# Hackney pony pedigree search...



## Sue_C. (Jul 14, 2010)

A good friend of mine has bought a cute little Hackney pony mare. Her name is Clippers Midnite Fashion. Is there anyone here who can do a pedigree check on this mare for me??? My buddy would love to know more about her.

Thanks...fingers crossed...


----------



## ponyrecruit (Jul 14, 2010)

No pony listed by that name in the AHHS database - sure registered Hackney? maybe shetland that had hackney in background


----------



## disneyhorse (Jul 14, 2010)

The Hackney registry has a really cool online stud book that anyone can access:

Hackney Stud Book

There is a "Boreen's Midnight Fashion" born 1982 but that's the closest I could find.

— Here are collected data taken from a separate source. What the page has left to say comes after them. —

lemma sum_generated_le_two_power_rank:
  assumes J: "sum_generated J" "x \<in> J" shows "x \<le> 2 ^ rank_in J x"
proof -
  have "1 \<in> J" using sum_generated_one_mem[OF J(1)] J(2) by blast
  moreover have "1 \<le> x" using sum_generated_pos[OF J] by simp
  ultimately show ?thesis
    using sum_generated_ratio_antitone[OF J, of 1] rank_in_one[OF J(1)] by simp
qed

lemma sum_generated_below_two_power:
  assumes J: "sum_generated J" "y \<in> J" "z \<in> J" and "z \<le> y" "y = 2 ^ rank_in J y"
  shows "z = 2 ^ rank_in J z"
proof -
  have "2 ^ rank_in J z \<le> z"
    using sum_generated_ratio_antitone[OF J assms(4)] assms(5)
    by (metis mult.commute mult_le_cancel2 zero_less_power pos2)
  then show ?thesis using sum_generated_le_two_power_rank[OF J(1,3)] by simp
qed

lemma small_summand_bound:
  fixes t p k z :: nat
  assumes "p \<le> t" "2 ^ (t + 2) < 2 ^ (t + 1) + 2 ^ p + z" "z \<le> 2 ^ k" "k < t + 2"
  shows "k = Suc t" and "2 ^ t < z"
proof -
  have "(2::nat) ^ p \<le> 2 ^ t" using assms(1) by (rule power_increasing) simp
  moreover have "(2::nat) ^ (t + 2) = 4 * 2 ^ t" "(2::nat) ^ (t + 1) = 2 * 2 ^ t" by simp_all
  ultimately show "2 ^ t < z" using assms(2) by linarith
  then have "(2::nat) ^ t < 2 ^ k" using assms(3) by linarith
  then have "t < k" by (rule power_less_imp_less_exp[rotated]) simp
  then show "k = Suc t" using assms(4) by simp
qed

If it's with the Canadian Hackney registry then I don't know.

Andrea


----------



## Sue_C. (Jul 14, 2010)

disneyhorse said:


> The Hackney registry has a really cool online stud book that anyone can access:
> 
> Hackney Stud Book
> 
> ...


Ahhh...she must be with the Canadian registry. I bet the Boreen horse would be relatred to her though. Thanks...


----------



## Minimor (Jul 15, 2010)

she is Canadian registered: Clipper's Midnite Fashion


----------